What the task asks - Go through the listing below and count each line with the word "subseteq" in it; return only the count.
Segment Start: Source data
section \<open>When the first occurrence is \<open>v\<close>\<close>

text \<open>A forbidden position inside an occurrence of \<open>v\<close> (other than its first one) starts a
  non-constant block, unless it is the last one and \<open>u\<close> starts just before it; if no
  occurrence starts there either, both continuation positions are forbidden.\<close>

lemma v_forbidden_interior:
  assumes k: "3 \<le> k" and v: "occ k w (vw k) s" and i: "1 \<le> i" "i < k"
    and none: "\<forall>r. s < r \<and> r \<le> s + i \<longrightarrow> \<not> occ_uv k w r"
    and F: "forbidden k w (s+i)"
  shows "forbidden k w (s+i+k-1) \<and> forbidden k w (s+i+k)"
proof -
  have k2: "2 \<le> k" using k by simp
  have "\<not> const_block k w (s+i)"
  proof (cases "i \<le> k - 2")
    case True
    have "w!(s+i+0) = B" "w!(s+i+(k-1-i)) = A"
      using v_letter[OF v, of i] v_letter[OF v, of "k-1"] True i by auto
    thus ?thesis using not_const_block[of 0 k "k-1-i" w "s+i"] True i by auto
  next
    case False
    hence last: "i = k - 1" using i by simp
    show ?thesis
    proof
      assume "const_block k w (s+i)"
      moreover have "w!(Suc (s+k-2)) = A" "w!(s+k-2) = B"
        using v_letter[OF v, of "k-1"] v_letter[OF v, of "k-2"] k
        by (auto simp: Suc_diff_Suc numeral_2_eq_2)
      moreover have "s + k - 2 + k \<le> length w" using forbidden_length[OF k2 F] last by simp
      ultimately have "occ k w (uw k) (s+k-2)"
        using const_block_A_occ_u[OF k2, of w "s+k-2"] last k by (simp add: Suc_diff_Suc numeral_2_eq_2)
      moreover have "s < s + k - 2" "s + k - 2 \<le> s + i" using last k by auto
      ultimately show False using none by (auto simp: occ_uv_def)
    qed
  qed
  moreover have "\<not> occ_uv k w (s+i)" using none i by simp
  ultimately show ?thesis using forbidden_rec[OF k2, of w "s+i"] F by simp
qed

lemma v_shifted_forbidden:
  assumes k: "4 \<le> k" and vs: "occ k w (vw k) s"
    and none: "\<forall>r. s < r \<and> r < s + k \<longrightarrow> \<not> occ_uv k w r"
    and i0: "i0 \<in> Floc k w s" "i0 \<noteq> 0" and i: "i \<in> Floc k w s"
  shows "forbidden k w (s + k + (if i = 0 then i0 - 1 else i))"
proof -
  have shift: "forbidden k w (s+j+k-1) \<and> forbidden k w (s+j+k)"
    if "j \<in> Floc k w s" "j \<noteq> 0" for j
    using that v_forbidden_interior[OF _ vs, of j] none k by (auto simp: Floc_def)
  show ?thesis
  proof (cases "i = 0")
    case True
    have "s + i0 + k - 1 = s + k + (i0 - 1)" using i0 by simp
    thus ?thesis using shift[OF i0] True by simp
  next
    case False
    thus ?thesis using shift[OF i False] by (simp add: add.commute add.left_commute)
  qed
qed

text \<open>If \<open>v\<close> at \<open>s\<close> is followed, without overlap, by the next occurrence at \<open>t\<close>, then
  \<open>|F\<^sub>s| \<le> |F\<^sub>t|\<close>: with \<open>i\<^sub>0\<close> the least forbidden local position \<open>\<noteq> 0\<close>, the shifted positions
  above are distinct and lie in one window, and their residues reappear in the window of \<open>t\<close>.\<close>

lemma v_then_apart:
  assumes k: "4 \<le> k" and mu: "min_uncompletable k w"
    and vs: "occ k w (vw k) s" and ot: "occ_uv k w t" and st: "s + k \<le> t"
    and gap: "\<forall>r. s < r \<and> r < t \<longrightarrow> \<not> occ_uv k w r"
  shows "card (Floc k w s) \<le> card (Floc k w t)"
proof (cases "Floc k w s - {0} = {}")
  case True
  hence "card (Floc k w s) \<le> card {0::nat}" by (intro card_mono) auto
  moreover have "card (Floc k w t) \<noteq> 0"
    using Floc_nonempty[OF k mu ot] finite_Floc[of k w t] by simp
  ultimately show ?thesis by simp
next
  case False
  define i0 where "i0 = Min (Floc k w s - {0})"
  have fin: "finite (Floc k w s - {0})" using finite_Floc by simp
  have i0: "i0 \<in> Floc k w s" "i0 \<noteq> 0" using Min_in[OF fin False] by (auto simp: i0_def)
  have i0_least: "i0 \<le> i" if "i \<in> Floc k w s" "i \<noteq> 0" for i
    using Min_le[OF fin] that by (simp add: i0_def)
  define e where "e = (\<lambda>i. if i = 0 then i0 - 1 else i)"
  define Q where "Q = (\<lambda>i. s + k + e i) ` Floc k w s"
  have e_lt: "e i < k" if "i \<in> Floc k w s" for i
    using that i0 by (auto simp: e_def Floc_def)
  have e0_less: "e 0 < e i" if "i \<in> Floc k w s" "i \<noteq> 0" for i
    using i0_least[OF that] i0(2) that(2) by (simp add: e_def)
  have "inj_on e (Floc k w s)"
  proof
    fix i i' assume "i \<in> Floc k w s" "i' \<in> Floc k w s" "e i = e i'"
    thus "i = i'" using e0_less[of i] e0_less[of i'] by (cases "i = 0"; cases "i' = 0") (auto simp: e_def)
  qed
  hence "card Q = card (Floc k w s)"
    unfolding Q_def by (subst card_image) (auto simp: inj_on_def)
  moreover have "Q \<subseteq> {s+k..<s+k+k}" using e_lt by (auto simp: Q_def)
  moreover have "p mod k \<in> forbidden_residues k w t" if "p \<in> Q" for p
  proof -
    obtain i where i: "i \<in> Floc k w s" "p = s + k + e i" using \<open>p \<in> Q\<close> by (auto simp: Q_def)
    have "\<forall>r. s < r \<and> r < s + k \<longrightarrow> \<not> occ_uv k w r" using gap st by auto
    hence "forbidden k w p" using v_shifted_forbidden[OF k vs _ i0 i(1)] i(2) by (simp add: e_def)
    moreover have "s < p" "p < t + k" using i e_lt[OF i(1)] st k by auto
    ultimately show ?thesis using propagate_to_window[of k s t w p] gap k by simp
  qed
  ultimately show ?thesis using card_le_by_residues[of Q "s+k" k w t] by simp
qed

text \<open>Local positions
  \<open>k - 2\<close> and \<open>k - 1\<close> of \<open>s\<close> are the positions \<open>0\<close> and \<open>1\<close> of \<open>t\<close>, and a forbidden
  position \<open>i\<close> in between, \<open>1 \<le> i \<le> k - 3\<close>, forces \<open>i + 1\<close> and \<open>i + 2\<close> to be
  forbidden in \<open>t\<close>.\<close>

lemma overlap_interior:
  assumes k: "4 \<le> k" and vs: "occ k w (vw k) s" and ts: "t = s + k - 2"
    and gap: "\<forall>r. s < r \<and> r < t \<longrightarrow> \<not> occ_uv k w r"
    and i: "1 \<le> i" "i \<le> k - 3" and F: "forbidden k w (s+i)"
  shows "forbidden k w (t+i+1) \<and> forbidden k w (t+i+2)"
proof -
  have "\<forall>r. s < r \<and> r \<le> s + i \<longrightarrow> \<not> occ_uv k w r" using gap i ts by auto
  hence "forbidden k w (s+i+k-1) \<and> forbidden k w (s+i+k)"
    using v_forbidden_interior[OF _ vs i(1) _ _ F] i k by simp
  moreover have "s+i+k-1 = t+i+1" "s+i+k = t+i+2" using ts k by auto
  ultimately show ?thesis by simp
qed

text \<open>If some local position \<open>m \<ge> 2\<close> of \<open>t\<close> were forbidden, then sending \<open>0\<close> to the
  least such \<open>m\<close>, \<open>k - 2\<close> and \<open>k - 1\<close> to \<open>0\<close> and \<open>1\<close>, and every other \<open>i\<close> to \<open>i + 2\<close>
  would inject \<open>F\<^sub>s\<close> into \<open>F\<^sub>t\<close>.\<close>

lemma overlap_tail_free:
  assumes k: "4 \<le> k" and vs: "occ k w (vw k) s" and ts: "t = s + k - 2"
    and gap: "\<forall>r. s < r \<and> r < t \<longrightarrow> \<not> occ_uv k w r"
    and cd: "card (Floc k w t) < card (Floc k w s)"
    and m: "2 \<le> m" "m < k"
  shows "\<not> forbidden k w (t+m)"
proof
  assume "forbidden k w (t+m)"
  define X where "X = {m. 2 \<le> m \<and> m < k \<and> forbidden k w (t+m)}"
  define m0 where "m0 = Min X"
  have finX: "finite X" by (rule finite_subset[of _ "{..<k}"]) (auto simp: X_def)
  have "X \<noteq> {}" using m \<open>forbidden k w (t+m)\<close> by (auto simp: X_def)
  hence m0X: "m0 \<in> X" using Min_in[OF finX] by (simp add: m0_def)
  have m0_least: "m0 < i + 2" if "i \<in> Floc k w s" "1 \<le> i" "i \<le> k - 3" for i
  proof -
    have "i + 1 \<in> X"
      using overlap_interior[OF k vs ts gap, of i] that k by (auto simp: X_def Floc_def add.assoc)
    thus ?thesis using Min_le[OF finX] by (fastforce simp: m0_def)
  qed
  define h where "h = (\<lambda>i. if i = 0 then m0 else if i = k-2 then 0 else if i = k-1 then 1 else i+2)"
  have h_into: "h i \<in> Floc k w t" if iF: "i \<in> Floc k w s" for i
  proof -
    consider "i = 0" | "i = k - 2" | "i = k - 1" | "1 \<le> i" "i \<le> k - 3"
      using iF k by (fastforce simp: Floc_def)
    thus ?thesis
    proof cases
      case 4
      thus ?thesis using overlap_interior[OF k vs ts gap, of i] iF k
        by (auto simp: h_def Floc_def add.assoc)
    qed (use m0X iF ts k in \<open>auto simp: h_def X_def Floc_def\<close>)
  qed
  have h_cases: "(i = 0 \<and> h i = m0) \<or> (i = k-2 \<and> h i = 0) \<or> (i = k-1 \<and> h i = 1) \<or>
                 (h i = i + 2 \<and> m0 < i + 2)" if "i \<in> Floc k w s" for i
    using m0_least[OF that] that k by (auto simp: h_def Floc_def)
  have "inj_on h (Floc k w s)"
  proof
    fix i j assume "i \<in> Floc k w s" "j \<in> Floc k w s" "h i = h j"
    moreover have "2 \<le> m0" using m0X by (simp add: X_def)
    ultimately show "i = j" using h_cases[of i] h_cases[of j] k by fastforce
  qed
  hence "card (Floc k w s) \<le> card (Floc k w t)"
    using h_into finite_Floc by (intro card_inj_on_le) auto
  thus False using cd by simp
qed

text \<open>Case (ii): since \<open>F\<^sub>t\<close> is non-empty and no local position \<open>\<ge> 2\<close> of \<open>t\<close> is forbidden,
  \<open>F\<^sub>t = {1}\<close> and \<open>F\<^sub>s = {0, k - 1}\<close>.\<close>

lemma overlap_case:
  assumes k: "4 \<le> k" and mu: "min_uncompletable k w"
    and vs: "occ k w (vw k) s" and ut: "occ k w (uw k) t" and ts: "t = s + k - 2"
    and gap: "\<forall>r. s < r \<and> r < t \<longrightarrow> \<not> occ_uv k w r"
    and cd: "card (Floc k w t) < card (Floc k w s)"
  shows "Floc k w s = {0, k-1} \<and> Floc k w t = {1}"
proof -
  note tail = overlap_tail_free[OF k vs ts gap cd]
  have "\<not> forbidden k w (t + (k-1))" using tail[of "k-1"] k by simp
  hence not_t: "\<not> forbidden k w t" using forbidden_u[of k w t] ut k by simp
  have not_mid: "\<not> forbidden k w (s+i)" if "1 \<le> i" "i \<le> k - 3" for i
  proof
    assume "forbidden k w (s+i)"
    hence "forbidden k w (t+(i+2))" using overlap_interior[OF k vs ts gap that] by (simp add: add.assoc)
    moreover have "2 \<le> i + 2" "i + 2 < k" using that k by linarith+
    ultimately show False using tail by blast
  qed
  have t_eq: "Floc k w t = {1}"
  proof -
    have "Floc k w t \<subseteq> {1}"
    proof
      fix y assume "y \<in> Floc k w t"
      hence "y < k" "forbidden k w (t+y)" by (auto simp: Floc_def)
      thus "y \<in> {1}" using not_t tail[of y] by (cases "y = 0"; cases "y = 1") auto
    qed
    thus ?thesis using Floc_nonempty[OF k mu] ut by (auto simp: occ_uv_def)
  qed
  have s_sub: "Floc k w s \<subseteq> {0, k-2, k-1}"
  proof
    fix i assume "i \<in> Floc k w s"
    hence "i < k" "forbidden k w (s+i)" by (auto simp: Floc_def)
    moreover have "\<not> (1 \<le> i \<and> i \<le> k - 3)" using not_mid[of i] calculation by blast
    ultimately have "i = 0 \<or> i = k - 2 \<or> i = k - 1" by arith
    thus "i \<in> {0, k-2, k-1}" by blast
  qed
  have pos: "s + (k-2) = t" "s + (k-1) = t + 1" using ts k by auto
  have "1 \<in> Floc k w t" using t_eq by simp
  hence "forbidden k w (s + (k-1))" using pos by (simp add: Floc_def)
  hence "k - 1 \<in> Floc k w s" using k by (simp add: Floc_def)
  moreover have "0 \<in> Floc k w s" using forbidden_v[OF _ vs] k by (simp add: Floc_def)
  moreover have "k - 2 \<notin> Floc k w s" using not_t pos by (simp add: Floc_def)
  ultimately have "Floc k w s = {0, k-1}" using s_sub by blast
  thus ?thesis using t_eq by simp
qed

section \<open>When the first occurrence is \<open>u\<close>: periodicity\<close>

definition forbidden_periodic :: "nat \<Rightarrow> word \<Rightarrow> nat \<Rightarrow> nat \<Rightarrow> bool" where
  "forbidden_periodic k w s t \<longleftrightarrow> (\<forall>j. s < j \<longrightarrow> j < t + k \<longrightarrow>
     (forbidden k w j \<longleftrightarrow> (j - s) mod k \<noteq> 0 \<and> forbidden k w (s + (j - s) mod k)))"

lemma forbidden_periodicD:
  "forbidden_periodic k w s t \<Longrightarrow> s < j \<Longrightarrow> j < t + k \<Longrightarrow> (j - s) mod k = x \<Longrightarrow>
     forbidden k w j \<longleftrightarrow> x \<noteq> 0 \<and> forbidden k w (s + x)"
  unfolding forbidden_periodic_def by blast

text \<open>If \<open>u\<close> at \<open>s\<close> is followed, without overlap, by the next occurrence at \<open>t\<close> and
  \<open>|F\<^sub>s| > |F\<^sub>t|\<close>, the counting principle leaves no room: the last position of \<open>s\<close> (hence
  \<open>s\<close> itself) is forbidden, and the residues of the other forbidden positions of \<open>s\<close> are
  exactly the forbidden residues of the window of \<open>t\<close>.\<close>

lemma u_then_apart_residues:
  assumes k: "4 \<le> k" and us: "occ k w (uw k) s" and st: "s + k \<le> t"
    and gap: "\<forall>r. s < r \<and> r < t \<longrightarrow> \<not> occ_uv k w r"
    and cd: "card (Floc k w t) < card (Floc k w s)"
  shows "forbidden k w (s+k-1)"
    and "forbidden_residues k w t = (\<lambda>i. (s + i) mod k) ` (Floc k w s - {0})"
proof -
  define P where "P = Floc k w s - {0}"
  have k2: "2 \<le> k" and k3: "3 \<le> k" using k by auto
  have P_res: "(s + i) mod k \<in> forbidden_residues k w t" if "i \<in> P" for i
    using that propagate_to_window[OF k2 gap, of "s+i"] st by (auto simp: P_def Floc_def)
  have card_P: "card ((+) s ` P) = card P" by (simp add: card_image)
  show last: "forbidden k w (s+k-1)"
  proof (rule ccontr)
    assume "\<not> forbidden k w (s+k-1)"
    hence "\<not> forbidden k w s" using forbidden_u[OF k3 us] by simp
    hence "P = Floc k w s" by (auto simp: P_def Floc_def)
    moreover have "card ((+) s ` P) \<le> card (Floc k w t)"
      using P_res by (intro card_le_by_residues[of _ "s+1"]) (auto simp: P_def Floc_def)
    ultimately show False using card_P cd by simp
  qed
  have "0 \<in> Floc k w s" using forbidden_u[OF k3 us] last k by (simp add: Floc_def)
  hence "card P = card (Floc k w s) - 1" by (simp add: P_def finite_Floc)
  moreover have "card ((\<lambda>i. (s + i) mod k) ` P) = card P"
    by (rule card_image, rule inj_onI) (auto simp: P_def Floc_def dest: window_residue_inj)
  ultimately have "card (forbidden_residues k w t) \<le> card ((\<lambda>i. (s + i) mod k) ` P)"
    using cd card_forbidden_residues[of k w t] by simp
  moreover have "(\<lambda>i. (s + i) mod k) ` P \<subseteq> forbidden_residues k w t" using P_res by auto
  moreover have "finite (forbidden_residues k w t)"
    by (simp add: forbidden_residues_def finite_Floc)
  ultimately show "forbidden_residues k w t = (\<lambda>i. (s + i) mod k) ` (Floc k w s - {0})"
    unfolding P_def[symmetric] by (metis card_seteq)
qed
Segment End: Source data
Solved exercise - 4